Mentally ill persons, especially the elderly like Angie, have endless socio-economic needs, including proper housing. Luckily, they have various community support resources, the majority of which are provided by community agencies. In the US, for patients like Angie, Mental Health America (MHA), and International Society for Bipolar Disorders (ISBD) are among the leading of these agencies (American Nurses Association, 2014). MHA offers free or affordable housing to persons of mental illnesses in the US, depending on their socio-economic status, while ISBD deals with education and research in bipolar diseases.

The Treatment Follow-Up Plan

There will be a fall-up plan on a weekly basis. Both Angie’s physician and psychiatric will visit her at her home to monitor her for signs of psychosis, anger, any self-harmful behaviors, and mood swings. The frequency and intensity of the checks will reduce to once in 2 weeks and once a month, respectively, as she stabilizes. After she fully recovers, the follow-up plan will then stop. Many people have recovered from this disease, and it is highly anticipated that Angie will as well.

 

 

References

American Nurses Association. (2014). Psychiatric-mental health nursing: Scope and standards of practice (2nd ed.). Washington, DC: Author.
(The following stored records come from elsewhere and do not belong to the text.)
(* Let $(w_{ij})_{i,j=1}^N$ be a nonnegative weight matrix with $w_{ii}=0$ defining a strongly connected directed graph on $N=N_{\mathrm{G}}+N_{\mathrm{R}}$ vertices, each vertex colored green or red with $N_{\mathrm{G}}$ green and $N_{\mathrm{R}}$ red vertices. Assume: (i) $w_{ij}=0$ whenever $i,j$ have the same color; (ii) every green vertex has in-degree $\sum_j w_{ji}=w^{\mathrm{in}}_{\mathrm{G}}$ and out-degree $\sum_j w_{ij}=w^{\mathrm{out}}_{\mathrm{G}}$, and every red vertex has in-degree $w^{\mathrm{in}}_{\mathrm{R}}$ and out-degree $w^{\mathrm{out}}_{\mathrm{R}}$, all positive; (iii) for every green $i$ and red $j$, $w_{ji}=\frac{w^{\mathrm{in}}_{\mathrm{G}}}{w^{\mathrm{out}}_{\mathrm{G}}}\,w_{ij}$. Let $a_{\mathrm{G}},a_{\mathrm{R}},b_{\mathrm{G}},b_{\mathrm{R}}>0$ and set $$\zeta_{\mathrm{G}}=\frac{b_{\mathrm{R}}w^{\mathrm{in}}_{\mathrm{G}}(a_{\mathrm{R}}w^{\mathrm{out}}_{\mathrm{R}}+b_{\mathrm{G}}w^{\mathrm{in}}_{\mathrm{R}})}{a_{\mathrm{R}}w^{\mathrm{out}}_{\mathrm{R}}(a_{\mathrm{G}}w^{\mathrm{out}}_{\mathrm{G}}+b_{\mathrm{R}}w^{\mathrm{in}}_{\mathrm{G}})},\qquad \zeta_{\mathrm{R}}=\frac{b_{\mathrm{G}}w^{\mathrm{in}}_{\mathrm{R}}(a_{\mathrm{G}}w^{\mathrm{out}}_{\mathrm{G}}+b_{\mathrm{R}}w^{\mathrm{in}}_{\mathrm{G}})}{a_{\mathrm{G}}w^{\mathrm{out}}_{\mathrm{G}}(a_{\mathrm{R}}w^{\mathrm{out}}_{\mathrm{R}}+b_{\mathrm{G}}w^{\mathrm{in}}_{\mathrm{R}})},$$ and for a state $\mathbf{x}\in\{0,1\}^N$ let $\zeta_i=\zeta_{\mathrm{G}}$ if $i$ is green and $\zeta_i=\zeta_{\mathrm{R}}$ if $i$ is red. Then $\prod_i\zeta_i^{X_n(i)}$ is a martingale for the process $X_n$, and, provided $\zeta_{\mathrm{G}}^{N_{\mathrm{G}}}\zeta_{\mathrm{R}}^{N_{\mathrm{R}}}\neq1$, the fixation probability of $A$ from initial state $\mathbf{x}$ is $$\rho_A(\mathbf{x})=\frac{1-\prod_{i=1}^N\zeta_i^{x_i}}{1-\zeta_{\mathrm{G}}^{N_{\mathrm{G}}}\zeta_{\mathrm{R}}^{N_{\mathrm{R}}}}.$$ In particular the mean fixation probability of a single $A$ at a uniformly random vertex is $$\rho_A=\frac{1-\frac1N\left(N_{\mathrm{G}}\zeta_{\mathrm{G}}+N_{\mathrm{R}}\zeta_{\mathrm{R}}\right)}{1-\zeta_{\mathrm{G}}^{N_{\mathrm{G}}}\zeta_{\mathrm{R}}^{N_{\mathrm{R}}}}.$$
   Context: States are $\mathbf{x}\in\{0,1\}^N$, with $x_i=1$ meaning vertex $i$ holds type $A$ and $x_i=0$ type $B$. The fitness of the occupant of vertex $j$ is $a_j$ if it is type $A$ and $b_j$ if type $B$, where $a_j=a_{\mathrm{G}},b_j=b_{\mathrm{G}}$ if $j$ is green and $a_j=a_{\mathrm{R}},b_j=b_{\mathrm{R}}$ if $j$ is red. Weighted Moran process: in each step, an ordered pair $(j,i)$ is chosen with probability proportional to $f_j w_{ji}$, where $f_j$ is the fitness of the occupant of $j$ (normalized by $\sum_{j,k}f_j w_{jk}$), and the occupant of $i$ is replaced by an offspring of the type of the occupant of $j$. $X_n$ denotes the state at time $n$. Fixation of $A$ means absorption in the all-ones state. *)

theory Defs
  imports "HOL-Analysis.Analysis"
begin

text \<open>Vertices form a finite type 'v; a state is the set of vertices occupied by type A
  (x_i = 1 iff i is in the set). Green vertices form the set G, red ones its complement.\<close>

definition fitness :: "'v set \<Rightarrow> real \<Rightarrow> real \<Rightarrow> real \<Rightarrow> real \<Rightarrow> 'v set \<Rightarrow> 'v \<Rightarrow> real" where
  "fitness G aG aR bG bR x j =
     (if j \<in> x then (if j \<in> G then aG else aR) else (if j \<in> G then bG else bR))"

definition total_weight :: "'v::finite set \<Rightarrow> ('v \<Rightarrow> 'v \<Rightarrow> real) \<Rightarrow> real \<Rightarrow> real \<Rightarrow> real \<Rightarrow> real \<Rightarrow> 'v set \<Rightarrow> real" where
  "total_weight G w aG aR bG bR x = (\<Sum>j\<in>UNIV. \<Sum>k\<in>UNIV. fitness G aG aR bG bR x j * w j k)"

definition replace_step :: "'v set \<Rightarrow> 'v \<Rightarrow> 'v \<Rightarrow> 'v set" where
  "replace_step x j i = (if j \<in> x then insert i x else x - {i})"

definition moran_trans :: "'v::finite set \<Rightarrow> ('v \<Rightarrow> 'v \<Rightarrow> real) \<Rightarrow> real \<Rightarrow> real \<Rightarrow> real \<Rightarrow> real
    \<Rightarrow> 'v set \<Rightarrow> 'v set \<Rightarrow> real" where
  "moran_trans G w aG aR bG bR x y =
     (\<Sum>(j, i) \<in> {(j, i). replace_step x j i = y}.
        fitness G aG aR bG bR x j * w j i / total_weight G w aG aR bG bR x)"

fun moran_nstep :: "'v::finite set \<Rightarrow> ('v \<Rightarrow> 'v \<Rightarrow> real) \<Rightarrow> real \<Rightarrow> real \<Rightarrow> real \<Rightarrow> real
    \<Rightarrow> nat \<Rightarrow> 'v set \<Rightarrow> 'v set \<Rightarrow> real" where
  "moran_nstep G w aG aR bG bR 0 x y = (if x = y then 1 else 0)"
| "moran_nstep G w aG aR bG bR (Suc n) x y =
     (\<Sum>z\<in>UNIV. moran_nstep G w aG aR bG bR n x z * moran_trans G w aG aR bG bR z y)"

definition zetaG :: "real \<Rightarrow> real \<Rightarrow> real \<Rightarrow> real \<Rightarrow> real \<Rightarrow> real \<Rightarrow> real \<Rightarrow> real \<Rightarrow> real" where
  "zetaG aG aR bG bR winG woutG winR woutR =
     (bR * winG * (aR * woutR + bG * winR)) / (aR * woutR * (aG * woutG + bR * winG))"

definition zetaR :: "real \<Rightarrow> real \<Rightarrow> real \<Rightarrow> real \<Rightarrow> real \<Rightarrow> real \<Rightarrow> real \<Rightarrow> real \<Rightarrow> real" where
  "zetaR aG aR bG bR winG woutG winR woutR =
     (bG * winR * (aG * woutG + bR * winG)) / (aG * woutG * (aR * woutR + bG * winR))"

end

theory Submission
  imports Defs
begin

(* With Phi(x) = prod_{i in x} zeta_i, an A at j replacing a B at i multiplies Phi by zeta_i and
   a B at j replacing an A at i divides it by zeta_i.  All edges join a green and a red vertex and
   w_rg = (winG / woutG) w_gr, so the expected change of Phi splits into contributions of the edge
   pairs g -> r, r -> g, and zeta_G, zeta_R are exactly the values making every such contribution
   vanish: Phi(X_n) is a martingale.  By strong connectivity the chain is absorbed in the empty
   or the full state geometrically fast, so letting n -> oo in E Phi(X_n) = Phi(x) gives
   rho_A(x) Phi(full) + (1 - rho_A(x)) Phi(empty) = Phi(x), where Phi(empty) = 1. *)

section \<open>Absorption in finite Markov chains\<close>

fun trans_pow :: "('a::finite \<Rightarrow> 'a \<Rightarrow> real) \<Rightarrow> nat \<Rightarrow> 'a \<Rightarrow> 'a \<Rightarrow> real" where
  "trans_pow P 0 x y = of_bool (x = y)"
| "trans_pow P (Suc n) x y = (\<Sum>z\<in>UNIV. trans_pow P n x z * P z y)"

lemma trans_pow_add:
  "trans_pow P (n + m) x y = (\<Sum>z\<in>UNIV. trans_pow P n x z * trans_pow P m z y)"
proof (induction m arbitrary: y)
  case 0
  show ?case by simp
next
  case (Suc m)
  have "trans_pow P (n + Suc m) x y
      = (\<Sum>v\<in>UNIV. (\<Sum>z\<in>UNIV. trans_pow P n x z * trans_pow P m z v) * P v y)"
    by (simp add: Suc)
  also have "\<dots> = (\<Sum>z\<in>UNIV. trans_pow P n x z * (\<Sum>v\<in>UNIV. trans_pow P m z v * P v y))"
    by (simp add: sum_distrib_left sum_distrib_right mult.assoc) (rule sum.swap)
  finally show ?case by simp
qed

lemma trans_pow_Suc_left: "trans_pow P (Suc n) x y = (\<Sum>z\<in>UNIV. P x z * trans_pow P n z y)"
  using trans_pow_add[of P 1 n x y] by simp

lemma trans_pow_harmonic:
  assumes "\<And>x. (\<Sum>y\<in>UNIV. P x y * h y) = h x"
  shows "(\<Sum>y\<in>UNIV. trans_pow P n x y * h y) = h x"
proof (induction n)
  case 0
  show ?case by simp
next
  case (Suc n)
  have "(\<Sum>y\<in>UNIV. trans_pow P (Suc n) x y * h y)
      = (\<Sum>z\<in>UNIV. trans_pow P n x z * (\<Sum>y\<in>UNIV. P z y * h y))"
    by (simp add: sum_distrib_left sum_distrib_right mult.assoc) (rule sum.swap)
  also have "\<dots> = h x" using Suc assms by simp
  finally show ?case .
qed

locale stochastic_matrix =
  fixes P :: "'a::finite \<Rightarrow> 'a \<Rightarrow> real"
  assumes nonneg: "\<And>x y. P x y \<ge> 0"
    and row_sum: "\<And>x. (\<Sum>y\<in>UNIV. P x y) = 1"
begin

lemma trans_pow_nonneg: "trans_pow P n x y \<ge> 0"
  by (induction n arbitrary: y) (auto intro!: sum_nonneg simp: nonneg)

lemma trans_pow_row_sum: "(\<Sum>y\<in>UNIV. trans_pow P n x y) = 1"
  using trans_pow_harmonic[of P "\<lambda>_. 1"] row_sum by simp

lemma absorbing_row_zero:
  assumes "P a a = 1" "y \<noteq> a"
  shows "P a y = 0"
proof -
  have "(\<Sum>y\<in>UNIV. P a y) = P a a + (\<Sum>y\<in>UNIV - {a}. P a y)"
    by (rule sum.remove) auto
  then have "(\<Sum>y\<in>UNIV - {a}. P a y) = 0"
    using row_sum assms(1) by simp
  then show ?thesis
    using assms(2) by (simp add: sum_nonneg_eq_0_iff nonneg)
qed

lemma trans_pow_absorbing:
  assumes "P a a = 1"
  shows "trans_pow P n a y = of_bool (y = a)"
proof (induction n arbitrary: y)
  case (Suc n)
  then show ?case
    using absorbing_row_zero[OF assms, of y] assms by (cases "y = a") simp_all
qed simp

lemma trans_pow_absorbing_incseq:
  assumes "P a a = 1"
  shows "incseq (\<lambda>n. trans_pow P n x a)"
proof (rule incseq_SucI)
  fix n
  have "trans_pow P n x a * P a a \<le> (\<Sum>z\<in>UNIV. trans_pow P n x z * P z a)"
    by (rule member_le_sum) (auto intro!: mult_nonneg_nonneg trans_pow_nonneg nonneg)
  then show "trans_pow P n x a \<le> trans_pow P (Suc n) x a"
    using assms by simp
qed

definition mass_outside :: "'a set \<Rightarrow> nat \<Rightarrow> 'a \<Rightarrow> real" where
  "mass_outside A n x = (\<Sum>y\<in>-A. trans_pow P n x y)"

lemma mass_outside_nonneg: "mass_outside A n x \<ge> 0"
  unfolding mass_outside_def by (intro sum_nonneg trans_pow_nonneg)

lemma mass_outside_eq: "mass_outside A n x = 1 - (\<Sum>y\<in>A. trans_pow P n x y)"
  using sum.subset_diff[of A UNIV "trans_pow P n x"] trans_pow_row_sum[of n x]
  by (simp add: mass_outside_def Compl_eq_Diff_UNIV)

lemma mass_outside_le_1: "mass_outside A n x \<le> 1"
  using sum_nonneg[of A "trans_pow P n x"] by (simp add: mass_outside_eq trans_pow_nonneg)

lemma mass_outside_add:
  assumes "\<And>a. a \<in> A \<Longrightarrow> P a a = 1"
  shows "mass_outside A (n + m) x = (\<Sum>y\<in>-A. trans_pow P n x y * mass_outside A m y)"
proof -
  have "mass_outside A (n + m) x = (\<Sum>y\<in>UNIV. trans_pow P n x y * mass_outside A m y)"
    unfolding mass_outside_def trans_pow_add by (simp add: sum_distrib_left) (rule sum.swap)
  also have "\<dots> = (\<Sum>y\<in>-A. trans_pow P n x y * mass_outside A m y)"
    using assms by (intro sum.mono_neutral_right) (auto simp: mass_outside_def trans_pow_absorbing)
  finally show ?thesis .
qed

lemma mass_outside_tendsto_0:
  assumes absorbing: "\<And>a. a \<in> A \<Longrightarrow> P a a = 1"
    and escape: "\<And>y. mass_outside A K y < 1"
  shows "(\<lambda>n. mass_outside A n x) \<longlonglongrightarrow> 0"
proof -
  define q where "q = Max (range (mass_outside A K))"
  have q_ge: "mass_outside A K y \<le> q" for y
    unfolding q_def by (rule Max_ge) auto
  have "q < 1"
    unfolding q_def using escape by (subst Max_less_iff) auto
  have "q \<ge> 0"
    using q_ge mass_outside_nonneg order_trans by blast
  have contract: "mass_outside A (n + K) x \<le> q * mass_outside A n x" for n
  proof -
    have "mass_outside A (n + K) x = (\<Sum>y\<in>-A. trans_pow P n x y * mass_outside A K y)"
      using absorbing by (rule mass_outside_add)
    also have "\<dots> \<le> (\<Sum>y\<in>-A. trans_pow P n x y * q)"
      by (intro sum_mono mult_left_mono trans_pow_nonneg q_ge)
    finally show ?thesis by (simp add: mass_outside_def sum_distrib_left mult.commute)
  qed
  have "decseq (\<lambda>n. mass_outside A n x)"
  proof (rule decseq_SucI)
    fix n
    have "mass_outside A (n + 1) x = (\<Sum>y\<in>-A. trans_pow P n x y * mass_outside A 1 y)"
      using absorbing by (rule mass_outside_add)
    also have "\<dots> \<le> (\<Sum>y\<in>-A. trans_pow P n x y * 1)"
      by (intro sum_mono mult_left_mono trans_pow_nonneg mass_outside_le_1)
    finally show "mass_outside A (Suc n) x \<le> mass_outside A n x"
      by (simp add: mass_outside_def)
  qed
  then obtain L where L: "(\<lambda>n. mass_outside A n x) \<longlonglongrightarrow> L"
    using decseq_convergent mass_outside_nonneg by metis
  have "L \<ge> 0"
    using L by (rule LIMSEQ_le_const) (simp add: mass_outside_nonneg)
  moreover have "L \<le> q * L"
    using LIMSEQ_ignore_initial_segment[OF L, of K] tendsto_mult_left[OF L, of q]
    by (rule LIMSEQ_le) (simp add: contract)
  then have "(1 - q) * L \<le> 0"
    by (simp add: algebra_simps)
  ultimately have "L = 0"
    using \<open>q < 1\<close> by (auto simp: mult_le_0_iff)
  then show ?thesis using L by simp
qed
Bjorklund, L., Mors, O., Ostergaard, S. D., Horsdal, H. T., Gasse, C., Mors, O., Ostergaard, S. D., … Ostergaard, S. D. (April 01, 2016). Trends in the psychopharmacological treatment of bipolar disorder: A nationwide register-based study. Acta Neuropsychiatrica, 28, 2, 75-84.

Marsee, K., & Gross, A. F. (2013). Bipolar disorder or something else? Current Psychiatry, 12(2), 43–49. Retrieved from http://www.mdedge.com/currentpsychiatry/article/66320/bipolar-disorder/bipolar-disorder-or-something-else

Miller, L. J., Ghadiali, N. Y., Larusso, E. M., Wahlen, K. J., Avni-Barron, O., Mittal, L., & Greene, J. A. (2015). Bipolar disorder in women. Health Care for Women International, 36(4), 475–498. doi:10.1080/07399332.2014.962138

Redfield Jamison, K. (Producer). (n.d.). Assessment & psychological treatment of bipolar disorder [Video file]. Mill Valley, CA: Psychotherapy.net.

Reynolds, G. P. (January 01, 2011). Receptor mechanisms of antipsychotic drug action in bipolar disorder – focus on asenapine. Therapeutic Advances in Psychopharmacology, 1, 6, 197-204.

Swartz, H. A., & Swanson, J. (January 01, 2019). Psychotherapy for Bipolar Disorder in Adults: A Review of the Evidence. Focus American Psychiatric Publishing Inc.-, 12, 3, 251-266.

Ward, I. (2017). Pharmacologic options for bipolar disorder. Clinical Advisor, 20(3), 17–25.